### Stored items
┌──

(* Let $X$ be a reflexive (respectively separable) Banach space and let $V$ be a non-reflexive (respectively non-separable) Banach space continuously embedded in $X$. Then there exists no linear and closed operator $A:D(A)\subset X\to X$ such that $D(A)=V$ and $\|\cdot\|_V$ is equivalent to $\|A\cdot\|_X$ on $V$. *)

theory Defs
  imports "HOL-Analysis.Analysis"
begin

definition reflexive_space :: "'a::real_normed_vector itself \<Rightarrow> bool" where
  "reflexive_space _ \<longleftrightarrow>
     (\<forall>\<Phi> :: ('a \<Rightarrow>\<^sub>L real) \<Rightarrow>\<^sub>L real. \<exists>x::'a. \<forall>f. blinfun_apply \<Phi> f = blinfun_apply f x)"

definition closed_linear_operator :: "'a::real_normed_vector set \<Rightarrow> ('a \<Rightarrow> 'a) \<Rightarrow> bool" where
  "closed_linear_operator D A \<longleftrightarrow>
     subspace D \<and>
     (\<forall>x\<in>D. \<forall>y\<in>D. A (x + y) = A x + A y) \<and>
     (\<forall>x\<in>D. \<forall>c::real. A (c *\<^sub>R x) = c *\<^sub>R A x) \<and>
     closed {(x, A x) | x. x \<in> D}"

end

theory Submission
  imports Defs
begin

(* If such an A existed, T = A o j would be a bounded linear map from V to X that is bounded
   below, i.e. an isomorphism of V onto range T, which is closed in X because V is complete.
   Separability passes to subsets of a metric space and back along T.  For reflexivity, a
   functional on the dual of V induces one on the dual of X by precomposition with T, which
   X represents by some point y.  A Hahn-Banach functional separating y from the closed
   subspace range T shows that y = T x, and since by Hahn-Banach every functional on V
   factors through T, x represents the original functional. *)

definition sublinear :: "('a::real_vector \<Rightarrow> real) \<Rightarrow> bool" where
  "sublinear p \<longleftrightarrow> (\<forall>x y. p (x + y) \<le> p x + p y) \<and> (\<forall>t x. 0 \<le> t \<longrightarrow> p (t *\<^sub>R x) = t * p x)"

(* Partial linear functionals are handled through their graphs in 'a \<times> real; such a
   subspace is automatically single-valued (dominated_subspace_single_valued). *)
definition dominated_subspace :: "('a::real_vector \<Rightarrow> real) \<Rightarrow> ('a \<times> real) set \<Rightarrow> bool" where
  "dominated_subspace p G \<longleftrightarrow> subspace G \<and> (\<forall>(x, a)\<in>G. a \<le> p x)"

lemma sublinear_zero: "sublinear p \<Longrightarrow> p 0 = 0"
  unfolding sublinear_def by (metis mult_zero_left order_refl scaleR_zero_left)

lemma sublinear_norm: "0 \<le> K \<Longrightarrow> sublinear (\<lambda>x. K * norm x)"
  unfolding sublinear_def
  by (auto simp flip: distrib_left intro: mult_left_mono norm_triangle_ineq)

lemma dominated_subspace_single_valued:
  assumes p: "sublinear p" and G: "dominated_subspace p G" and "(x, a) \<in> G" "(x, b) \<in> G"
  shows "a = b"
proof -
  have sub: "subspace G" and le: "\<And>x a. (x, a) \<in> G \<Longrightarrow> a \<le> p x"
    using G by (auto simp: dominated_subspace_def)
  have "(x, a) - (x, b) \<in> G" "(x, b) - (x, a) \<in> G"
    using subspace_diff[OF sub] assms(3,4) by blast+
  then have "a - b \<le> p 0" "b - a \<le> p 0"
    by (auto dest: le)
  then show ?thesis
    using sublinear_zero[OF p] by linarith
qed
lemma set_borel_measurable_real_iff:
  "set_borel_measurable M S f \<longleftrightarrow> (\<lambda>x. indicator S x * f x :: real) \<in> borel_measurable M"
  by (simp add: set_borel_measurable_def)

lemma set_borel_measurable_add:
  fixes f g :: "_ \<Rightarrow> real"
  assumes "set_borel_measurable M S f" "set_borel_measurable M S g"
  shows "set_borel_measurable M S (\<lambda>x. f x + g x)"
  using borel_measurable_add[OF assms[unfolded set_borel_measurable_real_iff]]
  by (simp add: set_borel_measurable_real_iff distrib_left)

lemma set_borel_measurable_mult:
  fixes f g :: "_ \<Rightarrow> real"
  assumes "set_borel_measurable M S f" "set_borel_measurable M S g"
  shows "set_borel_measurable M S (\<lambda>x. f x * g x)"
proof -
  have "(\<lambda>x. indicator S x * (f x * g x)) = (\<lambda>x. (indicator S x * f x) * (indicator S x * g x) :: real)"
    by (simp add: fun_eq_iff split: split_indicator)
  then show ?thesis
    using borel_measurable_times[OF assms[unfolded set_borel_measurable_real_iff]]
    by (simp add: set_borel_measurable_real_iff)
qed

lemma L2_mult_integrable:
  assumes "L2 S f" "L2 S g"
  shows "set_integrable lborel S (\<lambda>p. f p * g p)"
proof (rule set_integrable_bound)
  show "set_integrable lborel S (\<lambda>p. (f p)\<^sup>2 + (g p)\<^sup>2)"
    using assms unfolding L2_def by (intro set_integral_add(1)) auto
  show "set_borel_measurable lborel S (\<lambda>p. f p * g p)"
    using assms unfolding L2_def by (blast intro: set_borel_measurable_mult)
  show "AE p in lborel. p \<in> S \<longrightarrow> norm (f p * g p) \<le> norm ((f p)\<^sup>2 + (g p)\<^sup>2)"
    by (simp add: abs_mult_le_sum_squares)
qed

lemma L2_add:
  assumes "L2 S f" "L2 S g"
  shows "L2 S (\<lambda>p. f p + g p)"
  unfolding L2_def
proof
  show "set_borel_measurable lborel S (\<lambda>p. f p + g p)"
    using assms unfolding L2_def by (blast intro: set_borel_measurable_add)
  have "set_integrable lborel S (\<lambda>p. (f p)\<^sup>2 + (g p)\<^sup>2 + 2 * (f p * g p))"
    using assms L2_mult_integrable[OF assms] unfolding L2_def
    by (intro set_integral_add(1) set_integrable_mult_right) auto
  then show "set_integrable lborel S (\<lambda>p. (f p + g p)\<^sup>2)"
    by (simp add: power2_sum mult.assoc)
qed

lemma L2_uminus: "L2 S f \<Longrightarrow> L2 S (\<lambda>p. - f p)"
  unfolding L2_def set_borel_measurable_real_iff by simp

lemma L2_diff: "L2 S f \<Longrightarrow> L2 S g \<Longrightarrow> L2 S (\<lambda>p. f p - g p)"
  using L2_add[of S f "\<lambda>p. - g p"] L2_uminus[of S g] by simp

lemma set_integral_power2_nonneg: "0 \<le> (LINT p:S|M. (f p)\<^sup>2 :: real)"
  unfolding set_lebesgue_integral_def by (rule Bochner_Integration.integral_nonneg) simp

lemma L2norm_nonneg: "L2norm S f \<ge> 0"
  by (simp add: L2norm_def set_integral_power2_nonneg)

lemma L2norm_power2: "(L2norm S f)\<^sup>2 = (LINT p:S|lborel. (f p)\<^sup>2)"
  by (simp add: L2norm_def set_integral_power2_nonneg)

lemma L2norm_diff_commute: "L2norm S (\<lambda>p. f p - g p) = L2norm S (\<lambda>p. g p - f p)"
  by (simp add: L2norm_def power2_commute)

└──

Repeat, exactly as they stand above, the lines from the line with "by (auto simp flip: distrib_left" to the line with "(blast intro: set_borel_measurable_mult)", both lines included.

  by (auto simp flip: distrib_left intro: mult_left_mono norm_triangle_ineq)

lemma dominated_subspace_single_valued:
  assumes p: "sublinear p" and G: "dominated_subspace p G" and "(x, a) \<in> G" "(x, b) \<in> G"
  shows "a = b"
proof -
  have sub: "subspace G" and le: "\<And>x a. (x, a) \<in> G \<Longrightarrow> a \<le> p x"
    using G by (auto simp: dominated_subspace_def)
  have "(x, a) - (x, b) \<in> G" "(x, b) - (x, a) \<in> G"
    using subspace_diff[OF sub] assms(3,4) by blast+
  then have "a - b \<le> p 0" "b - a \<le> p 0"
    by (auto dest: le)
  then show ?thesis
    using sublinear_zero[OF p] by linarith
qed
lemma set_borel_measurable_real_iff:
  "set_borel_measurable M S f \<longleftrightarrow> (\<lambda>x. indicator S x * f x :: real) \<in> borel_measurable M"
  by (simp add: set_borel_measurable_def)

lemma set_borel_measurable_add:
  fixes f g :: "_ \<Rightarrow> real"
  assumes "set_borel_measurable M S f" "set_borel_measurable M S g"
  shows "set_borel_measurable M S (\<lambda>x. f x + g x)"
  using borel_measurable_add[OF assms[unfolded set_borel_measurable_real_iff]]
  by (simp add: set_borel_measurable_real_iff distrib_left)

lemma set_borel_measurable_mult:
  fixes f g :: "_ \<Rightarrow> real"
  assumes "set_borel_measurable M S f" "set_borel_measurable M S g"
  shows "set_borel_measurable M S (\<lambda>x. f x * g x)"
proof -
  have "(\<lambda>x. indicator S x * (f x * g x)) = (\<lambda>x. (indicator S x * f x) * (indicator S x * g x) :: real)"
    by (simp add: fun_eq_iff split: split_indicator)
  then show ?thesis
    using borel_measurable_times[OF assms[unfolded set_borel_measurable_real_iff]]
    by (simp add: set_borel_measurable_real_iff)
qed

lemma L2_mult_integrable:
  assumes "L2 S f" "L2 S g"
  shows "set_integrable lborel S (\<lambda>p. f p * g p)"
proof (rule set_integrable_bound)
  show "set_integrable lborel S (\<lambda>p. (f p)\<^sup>2 + (g p)\<^sup>2)"
    using assms unfolding L2_def by (intro set_integral_add(1)) auto
  show "set_borel_measurable lborel S (\<lambda>p. f p * g p)"
    using assms unfolding L2_def by (blast intro: set_borel_measurable_mult)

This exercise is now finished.